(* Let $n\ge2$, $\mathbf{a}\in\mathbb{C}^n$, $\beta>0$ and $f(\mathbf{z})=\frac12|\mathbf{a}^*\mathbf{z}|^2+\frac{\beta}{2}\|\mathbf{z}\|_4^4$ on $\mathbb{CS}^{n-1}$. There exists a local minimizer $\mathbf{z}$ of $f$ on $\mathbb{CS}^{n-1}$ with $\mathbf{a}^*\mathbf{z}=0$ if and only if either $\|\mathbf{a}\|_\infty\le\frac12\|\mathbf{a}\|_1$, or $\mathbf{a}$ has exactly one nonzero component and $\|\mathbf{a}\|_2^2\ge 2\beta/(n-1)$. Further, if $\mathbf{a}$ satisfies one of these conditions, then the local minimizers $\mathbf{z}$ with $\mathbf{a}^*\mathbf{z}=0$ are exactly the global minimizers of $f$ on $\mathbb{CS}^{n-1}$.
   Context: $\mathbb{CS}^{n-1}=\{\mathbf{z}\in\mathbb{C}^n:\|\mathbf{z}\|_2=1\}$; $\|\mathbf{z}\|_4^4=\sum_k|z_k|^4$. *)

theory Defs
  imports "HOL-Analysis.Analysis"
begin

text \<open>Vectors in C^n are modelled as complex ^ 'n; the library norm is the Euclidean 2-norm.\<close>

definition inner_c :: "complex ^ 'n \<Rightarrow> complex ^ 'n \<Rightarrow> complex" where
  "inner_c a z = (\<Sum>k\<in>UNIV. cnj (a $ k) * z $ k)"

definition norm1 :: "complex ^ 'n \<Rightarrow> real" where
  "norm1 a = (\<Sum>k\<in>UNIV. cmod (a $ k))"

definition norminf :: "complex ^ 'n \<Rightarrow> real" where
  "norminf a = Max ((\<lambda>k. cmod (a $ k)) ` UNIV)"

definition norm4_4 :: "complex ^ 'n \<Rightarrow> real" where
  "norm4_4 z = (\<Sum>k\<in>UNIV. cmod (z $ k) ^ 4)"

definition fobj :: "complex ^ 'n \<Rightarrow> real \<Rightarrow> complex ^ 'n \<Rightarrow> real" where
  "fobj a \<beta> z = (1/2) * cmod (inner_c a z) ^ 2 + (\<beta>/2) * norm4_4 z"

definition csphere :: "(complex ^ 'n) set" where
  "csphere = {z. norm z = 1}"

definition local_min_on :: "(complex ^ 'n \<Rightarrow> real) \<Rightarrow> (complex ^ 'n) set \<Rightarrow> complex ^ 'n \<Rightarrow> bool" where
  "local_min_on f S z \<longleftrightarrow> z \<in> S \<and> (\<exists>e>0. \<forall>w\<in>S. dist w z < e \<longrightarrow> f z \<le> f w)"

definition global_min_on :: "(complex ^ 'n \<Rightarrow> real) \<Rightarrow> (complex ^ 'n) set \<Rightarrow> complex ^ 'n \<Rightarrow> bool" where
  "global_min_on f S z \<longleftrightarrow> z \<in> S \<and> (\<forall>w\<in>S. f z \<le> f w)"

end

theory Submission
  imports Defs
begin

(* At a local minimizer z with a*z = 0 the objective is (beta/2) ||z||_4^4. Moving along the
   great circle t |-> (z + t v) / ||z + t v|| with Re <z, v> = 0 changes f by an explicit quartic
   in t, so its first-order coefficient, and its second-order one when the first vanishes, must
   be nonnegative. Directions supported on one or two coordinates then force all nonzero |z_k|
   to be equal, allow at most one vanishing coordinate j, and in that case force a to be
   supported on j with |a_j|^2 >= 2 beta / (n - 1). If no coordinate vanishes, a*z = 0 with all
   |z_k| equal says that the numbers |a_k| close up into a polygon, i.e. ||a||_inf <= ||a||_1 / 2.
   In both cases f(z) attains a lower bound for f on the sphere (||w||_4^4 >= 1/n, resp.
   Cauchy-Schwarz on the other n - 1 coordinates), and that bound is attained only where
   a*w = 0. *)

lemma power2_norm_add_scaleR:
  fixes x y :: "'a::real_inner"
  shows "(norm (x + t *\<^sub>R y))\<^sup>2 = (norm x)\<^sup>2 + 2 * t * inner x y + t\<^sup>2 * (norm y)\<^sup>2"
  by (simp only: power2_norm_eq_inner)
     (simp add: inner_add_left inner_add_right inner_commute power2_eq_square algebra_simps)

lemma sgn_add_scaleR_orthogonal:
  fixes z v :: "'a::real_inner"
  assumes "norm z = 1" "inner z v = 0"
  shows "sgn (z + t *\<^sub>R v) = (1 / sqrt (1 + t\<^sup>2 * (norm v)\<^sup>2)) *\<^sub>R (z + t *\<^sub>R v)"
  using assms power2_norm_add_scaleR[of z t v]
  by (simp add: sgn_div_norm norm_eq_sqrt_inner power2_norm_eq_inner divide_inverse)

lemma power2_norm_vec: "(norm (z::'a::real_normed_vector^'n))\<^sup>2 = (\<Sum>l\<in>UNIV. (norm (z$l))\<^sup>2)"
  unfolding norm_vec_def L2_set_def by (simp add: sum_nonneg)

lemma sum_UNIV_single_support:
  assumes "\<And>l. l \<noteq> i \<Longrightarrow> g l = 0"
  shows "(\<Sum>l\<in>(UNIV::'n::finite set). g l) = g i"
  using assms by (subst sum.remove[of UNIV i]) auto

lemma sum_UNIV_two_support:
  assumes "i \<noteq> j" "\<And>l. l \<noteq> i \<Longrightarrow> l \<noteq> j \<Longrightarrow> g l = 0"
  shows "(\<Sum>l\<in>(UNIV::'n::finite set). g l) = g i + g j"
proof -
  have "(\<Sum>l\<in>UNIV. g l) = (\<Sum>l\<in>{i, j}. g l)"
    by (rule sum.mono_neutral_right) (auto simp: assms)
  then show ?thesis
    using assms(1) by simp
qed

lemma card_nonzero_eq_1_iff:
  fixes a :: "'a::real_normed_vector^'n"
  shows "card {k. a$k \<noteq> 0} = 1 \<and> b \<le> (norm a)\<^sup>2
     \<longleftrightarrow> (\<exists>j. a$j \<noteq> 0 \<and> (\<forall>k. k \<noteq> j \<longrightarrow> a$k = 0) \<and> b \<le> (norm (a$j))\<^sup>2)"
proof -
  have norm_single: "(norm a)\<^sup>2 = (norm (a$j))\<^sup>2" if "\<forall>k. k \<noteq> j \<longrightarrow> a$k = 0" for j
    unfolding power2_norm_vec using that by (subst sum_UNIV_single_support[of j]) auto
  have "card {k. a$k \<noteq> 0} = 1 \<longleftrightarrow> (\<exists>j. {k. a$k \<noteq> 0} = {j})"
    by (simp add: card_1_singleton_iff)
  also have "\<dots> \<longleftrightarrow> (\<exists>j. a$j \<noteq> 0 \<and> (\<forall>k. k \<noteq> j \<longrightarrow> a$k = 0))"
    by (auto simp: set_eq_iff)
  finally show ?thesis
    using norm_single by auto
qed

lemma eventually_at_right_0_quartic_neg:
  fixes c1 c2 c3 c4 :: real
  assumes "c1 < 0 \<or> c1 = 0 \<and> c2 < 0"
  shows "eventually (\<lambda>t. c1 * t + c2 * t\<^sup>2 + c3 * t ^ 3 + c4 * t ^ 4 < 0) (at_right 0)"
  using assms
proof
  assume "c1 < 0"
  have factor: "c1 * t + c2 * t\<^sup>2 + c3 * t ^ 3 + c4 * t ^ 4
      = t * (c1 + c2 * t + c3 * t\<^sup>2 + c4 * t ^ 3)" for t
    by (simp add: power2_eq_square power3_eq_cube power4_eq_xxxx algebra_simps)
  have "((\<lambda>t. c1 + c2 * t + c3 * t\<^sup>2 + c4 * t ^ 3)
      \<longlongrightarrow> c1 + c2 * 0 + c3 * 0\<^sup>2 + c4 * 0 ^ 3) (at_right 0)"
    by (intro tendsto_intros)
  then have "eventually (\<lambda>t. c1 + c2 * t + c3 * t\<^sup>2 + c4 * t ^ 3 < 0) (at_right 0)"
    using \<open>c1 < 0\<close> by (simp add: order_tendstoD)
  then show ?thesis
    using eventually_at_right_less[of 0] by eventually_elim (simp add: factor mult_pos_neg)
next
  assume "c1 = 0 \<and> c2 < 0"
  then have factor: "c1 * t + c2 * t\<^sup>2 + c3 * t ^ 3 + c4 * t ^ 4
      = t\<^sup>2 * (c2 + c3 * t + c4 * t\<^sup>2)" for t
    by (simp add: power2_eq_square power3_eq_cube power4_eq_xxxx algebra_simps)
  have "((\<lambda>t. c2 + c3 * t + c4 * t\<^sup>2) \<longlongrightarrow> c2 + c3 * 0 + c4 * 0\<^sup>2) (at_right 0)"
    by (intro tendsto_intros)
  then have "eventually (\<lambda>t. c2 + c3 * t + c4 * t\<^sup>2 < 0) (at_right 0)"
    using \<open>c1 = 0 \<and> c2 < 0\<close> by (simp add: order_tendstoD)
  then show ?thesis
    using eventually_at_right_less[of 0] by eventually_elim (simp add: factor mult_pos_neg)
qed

════════

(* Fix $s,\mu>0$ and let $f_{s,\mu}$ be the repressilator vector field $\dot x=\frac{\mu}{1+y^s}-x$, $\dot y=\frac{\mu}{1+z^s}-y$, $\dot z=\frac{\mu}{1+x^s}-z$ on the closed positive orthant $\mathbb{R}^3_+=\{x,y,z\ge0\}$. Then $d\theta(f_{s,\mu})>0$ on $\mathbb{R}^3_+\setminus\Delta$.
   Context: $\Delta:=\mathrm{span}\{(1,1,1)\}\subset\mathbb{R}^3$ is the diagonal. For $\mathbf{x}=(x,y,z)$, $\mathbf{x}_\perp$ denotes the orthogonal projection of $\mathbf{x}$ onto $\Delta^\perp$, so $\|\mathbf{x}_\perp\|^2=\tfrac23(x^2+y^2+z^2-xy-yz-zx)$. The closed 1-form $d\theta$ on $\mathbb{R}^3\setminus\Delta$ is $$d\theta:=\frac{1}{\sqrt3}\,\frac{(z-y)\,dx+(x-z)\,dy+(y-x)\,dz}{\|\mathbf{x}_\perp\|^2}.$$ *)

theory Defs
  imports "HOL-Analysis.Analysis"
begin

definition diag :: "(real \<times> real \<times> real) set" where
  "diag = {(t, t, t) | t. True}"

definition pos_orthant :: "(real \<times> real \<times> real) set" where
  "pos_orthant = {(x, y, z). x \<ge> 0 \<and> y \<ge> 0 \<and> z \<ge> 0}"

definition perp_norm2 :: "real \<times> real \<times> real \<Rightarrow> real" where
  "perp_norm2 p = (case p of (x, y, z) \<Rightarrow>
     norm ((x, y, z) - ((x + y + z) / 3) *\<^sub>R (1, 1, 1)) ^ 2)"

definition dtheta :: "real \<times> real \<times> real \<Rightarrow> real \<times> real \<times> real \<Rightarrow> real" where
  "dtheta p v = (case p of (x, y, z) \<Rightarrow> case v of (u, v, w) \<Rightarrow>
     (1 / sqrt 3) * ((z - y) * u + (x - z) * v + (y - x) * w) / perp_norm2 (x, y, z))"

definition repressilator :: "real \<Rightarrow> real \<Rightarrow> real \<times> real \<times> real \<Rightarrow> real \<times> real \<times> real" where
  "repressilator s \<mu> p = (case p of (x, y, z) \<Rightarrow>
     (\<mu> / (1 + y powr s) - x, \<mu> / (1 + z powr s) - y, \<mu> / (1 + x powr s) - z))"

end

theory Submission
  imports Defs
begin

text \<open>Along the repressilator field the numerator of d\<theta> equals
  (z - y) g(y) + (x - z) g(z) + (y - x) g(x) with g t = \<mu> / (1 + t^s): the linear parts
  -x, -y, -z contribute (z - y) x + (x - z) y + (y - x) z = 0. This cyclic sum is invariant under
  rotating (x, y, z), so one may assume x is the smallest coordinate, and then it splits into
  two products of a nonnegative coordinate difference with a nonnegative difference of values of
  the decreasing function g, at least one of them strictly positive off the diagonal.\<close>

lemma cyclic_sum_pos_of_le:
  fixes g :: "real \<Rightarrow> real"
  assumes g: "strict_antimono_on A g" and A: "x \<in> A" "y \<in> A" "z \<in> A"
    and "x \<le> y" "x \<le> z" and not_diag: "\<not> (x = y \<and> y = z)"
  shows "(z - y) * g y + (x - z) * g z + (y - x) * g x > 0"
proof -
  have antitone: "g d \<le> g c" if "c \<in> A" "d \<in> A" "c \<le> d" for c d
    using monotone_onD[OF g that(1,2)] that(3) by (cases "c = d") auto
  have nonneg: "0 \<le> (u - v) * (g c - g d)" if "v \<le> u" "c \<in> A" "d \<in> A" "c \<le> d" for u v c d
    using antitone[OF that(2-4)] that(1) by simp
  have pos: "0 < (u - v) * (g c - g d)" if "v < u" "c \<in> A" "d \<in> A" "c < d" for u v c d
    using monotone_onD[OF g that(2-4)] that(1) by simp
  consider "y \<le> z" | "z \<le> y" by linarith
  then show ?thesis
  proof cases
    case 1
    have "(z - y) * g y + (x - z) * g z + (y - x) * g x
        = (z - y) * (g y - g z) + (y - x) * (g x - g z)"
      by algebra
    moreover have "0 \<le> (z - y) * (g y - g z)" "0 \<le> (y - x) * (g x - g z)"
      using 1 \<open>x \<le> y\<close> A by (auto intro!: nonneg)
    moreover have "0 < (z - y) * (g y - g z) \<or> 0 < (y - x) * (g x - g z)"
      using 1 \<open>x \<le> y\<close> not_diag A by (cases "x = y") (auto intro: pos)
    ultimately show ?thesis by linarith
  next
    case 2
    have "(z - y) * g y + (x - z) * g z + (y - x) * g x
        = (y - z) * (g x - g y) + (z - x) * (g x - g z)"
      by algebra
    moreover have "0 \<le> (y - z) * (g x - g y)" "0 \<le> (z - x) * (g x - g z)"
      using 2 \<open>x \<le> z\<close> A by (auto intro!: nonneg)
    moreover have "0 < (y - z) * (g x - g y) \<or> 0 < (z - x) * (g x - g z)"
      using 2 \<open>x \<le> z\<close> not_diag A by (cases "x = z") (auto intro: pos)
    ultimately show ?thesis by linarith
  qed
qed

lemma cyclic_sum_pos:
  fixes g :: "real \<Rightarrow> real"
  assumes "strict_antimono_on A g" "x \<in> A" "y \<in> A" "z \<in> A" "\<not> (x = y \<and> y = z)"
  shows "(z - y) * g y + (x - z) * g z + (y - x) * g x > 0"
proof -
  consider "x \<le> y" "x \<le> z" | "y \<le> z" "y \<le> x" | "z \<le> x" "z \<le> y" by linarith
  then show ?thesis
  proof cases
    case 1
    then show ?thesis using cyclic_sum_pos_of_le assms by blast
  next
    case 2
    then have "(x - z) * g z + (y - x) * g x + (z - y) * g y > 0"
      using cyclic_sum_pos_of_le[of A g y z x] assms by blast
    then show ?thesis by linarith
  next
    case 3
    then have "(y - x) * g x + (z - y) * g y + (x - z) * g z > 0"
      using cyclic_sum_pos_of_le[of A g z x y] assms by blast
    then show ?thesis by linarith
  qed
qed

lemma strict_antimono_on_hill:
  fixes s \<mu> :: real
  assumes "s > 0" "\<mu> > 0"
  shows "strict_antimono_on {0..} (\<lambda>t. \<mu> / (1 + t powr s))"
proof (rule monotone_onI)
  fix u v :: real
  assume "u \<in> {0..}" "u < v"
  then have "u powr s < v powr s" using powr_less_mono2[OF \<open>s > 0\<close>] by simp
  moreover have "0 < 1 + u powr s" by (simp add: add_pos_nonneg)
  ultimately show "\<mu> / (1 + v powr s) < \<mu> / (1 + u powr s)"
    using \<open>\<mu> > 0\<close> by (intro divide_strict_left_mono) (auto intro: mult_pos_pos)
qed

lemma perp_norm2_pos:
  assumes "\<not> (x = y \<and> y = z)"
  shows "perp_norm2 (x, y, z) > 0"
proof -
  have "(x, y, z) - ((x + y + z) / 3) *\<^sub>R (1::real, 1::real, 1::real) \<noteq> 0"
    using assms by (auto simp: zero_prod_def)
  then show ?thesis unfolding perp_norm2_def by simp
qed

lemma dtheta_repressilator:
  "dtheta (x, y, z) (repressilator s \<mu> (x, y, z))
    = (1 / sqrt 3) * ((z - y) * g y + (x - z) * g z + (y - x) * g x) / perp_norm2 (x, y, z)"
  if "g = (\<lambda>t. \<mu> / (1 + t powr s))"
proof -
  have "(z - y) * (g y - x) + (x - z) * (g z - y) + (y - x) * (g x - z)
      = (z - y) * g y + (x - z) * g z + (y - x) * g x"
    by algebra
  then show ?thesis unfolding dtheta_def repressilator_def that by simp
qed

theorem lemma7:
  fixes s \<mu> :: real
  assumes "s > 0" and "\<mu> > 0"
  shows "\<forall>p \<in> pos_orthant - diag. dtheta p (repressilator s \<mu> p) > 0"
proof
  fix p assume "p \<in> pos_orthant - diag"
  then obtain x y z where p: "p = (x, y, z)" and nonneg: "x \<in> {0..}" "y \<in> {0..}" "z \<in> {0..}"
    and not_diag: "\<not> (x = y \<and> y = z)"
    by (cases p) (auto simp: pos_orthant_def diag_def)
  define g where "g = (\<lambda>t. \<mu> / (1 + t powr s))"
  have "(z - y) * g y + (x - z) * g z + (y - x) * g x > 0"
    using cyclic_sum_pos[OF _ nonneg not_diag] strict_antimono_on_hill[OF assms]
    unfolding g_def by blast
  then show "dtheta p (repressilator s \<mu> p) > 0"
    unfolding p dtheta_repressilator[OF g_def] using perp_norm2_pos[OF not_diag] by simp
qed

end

════════

> [DESCRIPTION OF THE TASK] The lines to report are those in the material above that contain the word "cases"; copy every one of them.

> [RESULT]
   In both cases f(z) attains a lower bound for f on the sphere (||w||_4^4 >= 1/n, resp.
    using monotone_onD[OF g that(1,2)] that(3) by (cases "c = d") auto
  proof cases
      using 1 \<open>x \<le> y\<close> not_diag A by (cases "x = y") (auto intro: pos)
      using 2 \<open>x \<le> z\<close> not_diag A by (cases "x = z") (auto intro: pos)
  proof cases
    by (cases p) (auto simp: pos_orthant_def diag_def)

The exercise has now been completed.